Very unfortunate indeed. The chances of me getting one are mighty slim now :-( I still prefer HA Nat luckily, but I like the look of some of the black lego stuff I see but it's getting out of reach!


----------



## Silgt (Jul 31, 2012)

why rush? I think this is just pure speculation as although there are out of production, they are not that rare so what's the logic of them suddenly being sold at multiple folds?

Noticed how some of the seller actually posted on eBay then list them at CPFMP for $100 less...don't think anyone here will bite at these crazy prices. There are a few members here who are pretty quick when it comes to profiteering :thumbsdow


----------



## eg1977 (Jul 31, 2012)

post removed


----------



## ScaryFatKidGT (Aug 25, 2012)

Sorry to bump this but I'm looking for one to lego with a VME head where is this place that they are selling for $50?


----------



## andrewmac (Aug 25, 2012)

Should have bought a few more at a store in la that sells police gear.... When I had the chance.


----------



## ScaryFatKidGT (Aug 26, 2012)

andrewmac said:


> Should have bought a few more at a store in la that sells police gear.... When I had the chance.
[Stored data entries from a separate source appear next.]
(* Let $\mathcal A=(Q,\Sigma,\delta,\rho)$ be a connected bireversible Mealy automaton whose labeled orbit tree $\mathfrak t(\mathcal A)$ has no active self-liftable branch, and let $\mathfrak j$ be a jungle tree of $\mathfrak t(\mathcal A)$. Then there is a constant $C$ depending only on $\mathfrak j$ such that for every cyclic $\mathfrak j$-word $\mathbf u$, the map $\rho_{\mathbf u}$ has finite order at most $C$.
   Context: Mealy automata. A Mealy automaton is $\mathcal A=(Q,\Sigma,\delta,\rho)$ with $Q,\Sigma$ finite non-empty sets, $\delta=(\delta_i\colon Q\to Q)_{i\in\Sigma}$, $\rho=(\rho_x\colon\Sigma\to\Sigma)_{x\in Q}$; it has a transition $x\xrightarrow{i\mid\rho_x(i)}\delta_i(x)$ for each $x,i$. It is invertible if each $\rho_x$ is a permutation of $\Sigma$, reversible if each $\delta_i$ is a permutation of $Q$, bireversible if it is invertible, reversible, and for each $j\in\Sigma$ the map $x\mapsto\delta_{\rho_x^{-1}(j)}(x)$ is a permutation of $Q$. It is connected if the directed graph on $Q$ with edges $x\to\delta_i(x)$ is connected. Extensions: $\rho_x(i\mathbf s)=\rho_x(i)\rho_{\delta_i(x)}(\mathbf s)$ on $\Sigma^*$; for $\mathbf u=x_1\cdots x_m\in Q^m$, $\rho_{\mathbf u}=\rho_{x_m}\circ\cdots\circ\rho_{x_1}$; dually $\delta_i(x\mathbf u)=\delta_i(x)\delta_{\rho_x(i)}(\mathbf u)$ on $Q^*$ and $\delta_{i_1\cdots i_m}=\delta_{i_m}\circ\cdots\circ\delta_{i_1}$. The $n$-th power $\mathcal A^n$ has stateset $Q^n$ and transitions $\mathbf u\xrightarrow{i\mid\rho_{\mathbf u}(i)}\delta_i(\mathbf u)$; for reversible $\mathcal A$ its connected components are the orbits of $Q^n$ under the maps $\delta_{\mathbf s}$, $\mathbf s\in\Sigma^*$. Orbit tree. For reversible $\mathcal A$, $\mathfrak t(\mathcal A)$ is the rooted tree whose vertices at level $n\ge0$ are the connected components of $\mathcal A^n$ (level $0$: the single component of the empty word), with an edge from the component of $\mathbf u\in Q^n$ to the component of $\mathbf ux$ for all $\mathbf u\in Q^n$, $x\in Q$; the edge $C\to D$ is labeled by the integer $\#D/\#C$. Paths go downward; $\top$ and $\bot$ denote the first and last vertex of a path; the level of an edge or path is the level of its top vertex. A word in $Q^*\cup Q^\omega$ represents the initial path (starting at the root) through the components of its prefixes. An edge $e$ is liftable to an edge $f$ if every word of $\bot(e)$ has a suffix in $\bot(f)$; a path $(e_i)_{i\in I}$ is liftable to a path $(f_i)_{i\in I}$ of the same length if each $e_i$ is liftable to $f_i$. An edge $f$ is a legitimate child of an edge $e$ if $\top(f)=\bot(e)$ and $f$ is liftable to $e$. A path or subtree $\mathfrak s$ is $k$-self-liftable ($k>0$) if for every $i\ge0$ every path in $\mathfrak s$ starting at level $i+k$ is liftable to a path in $\mathfrak s$ starting at level $i$; self-liftable if $k$-self-liftable for some $k>0$. A branch is an infinite initial path; it is active if its sequence of labels is not eventually constantly $1$. Jungle trees. Let $\mathbf e$ be a finite 1-self-liftable initial path of length $n$ whose last edge has at least two legitimate children, all of label $1$. The jungle tree $\mathfrak j(\mathbf e)$ is the subtree consisting of $\mathbf e$ (its trunk) together with all edges that are descendants of $\bot(\mathbf e)$ and liftable to the last edge of $\mathbf e$. A jungle tree is a tree of this form. A $\mathfrak j$-word is a word of $Q^*\cup Q^\omega$ representing an initial path of $\mathfrak j$; a cyclic $\mathfrak j$-word is a word $\mathbf u\in Q^*$ all of whose powers $\mathbf u^m$ ($m\ge1$) are $\mathfrak j$-words. *)

theory Defs
  imports Main "HOL-Library.Sublist" "HOL-Library.Extended_Nat"
begin

text \<open>A Mealy automaton over the finite non-empty state type 'q and alphabet type 'a is
  given by d i x (= delta_i(x)) and r x i (= rho_x(i)).\<close>

definition invertible :: "('a \<Rightarrow> 'q \<Rightarrow> 'q) \<Rightarrow> ('q \<Rightarrow> 'a \<Rightarrow> 'a) \<Rightarrow> bool" where
  "invertible d r \<longleftrightarrow> (\<forall>x. bij (r x))"

definition reversible :: "('a \<Rightarrow> 'q \<Rightarrow> 'q) \<Rightarrow> ('q \<Rightarrow> 'a \<Rightarrow> 'a) \<Rightarrow> bool" where
  "reversible d r \<longleftrightarrow> (\<forall>i. bij (d i))"

definition bireversible :: "('a \<Rightarrow> 'q \<Rightarrow> 'q) \<Rightarrow> ('q \<Rightarrow> 'a \<Rightarrow> 'a) \<Rightarrow> bool" where
  "bireversible d r \<longleftrightarrow> invertible d r \<and> reversible d r \<and>
     (\<forall>j. bij (\<lambda>x. d (inv (r x) j) x))"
Is that a riddle? because I looked there, they don't have hardly any old surefire stuff left


----------



## HotWire (Aug 26, 2012)

I still have a black E1e that I bought in pristine condition years ago. I paid something like $30.00 for it. I've never liked the feel of the clip. At one point I put a Veleno Designs LED in it, but it eventually quit. Now I have an incandescent bulb made by SureFire. It's been in a box inside of a plastic bag for *years.* Now.... I'll keep it for sure after reading this!


----------



## phxccw (Jan 7, 2013)

I have an HA that I would love to put a Malkoff drop in. What's the part num. or do they make one?


Silgt said:


> Nice little lights, but no way it's worth this much, right now!
> 
> I have a few stashed away for some special Malkoff drop ins, as is Ben!


----------



## Silgt (Jan 7, 2013)

^ sorry I must be drunk or half asleep when I type that...No, Malkoff don't make drop ins for e-series!


----------



## archimedes (Jan 7, 2013)

phxccw said:


> I have an HA that I would love to put a Malkoff drop in. What's the part num. or do they make one?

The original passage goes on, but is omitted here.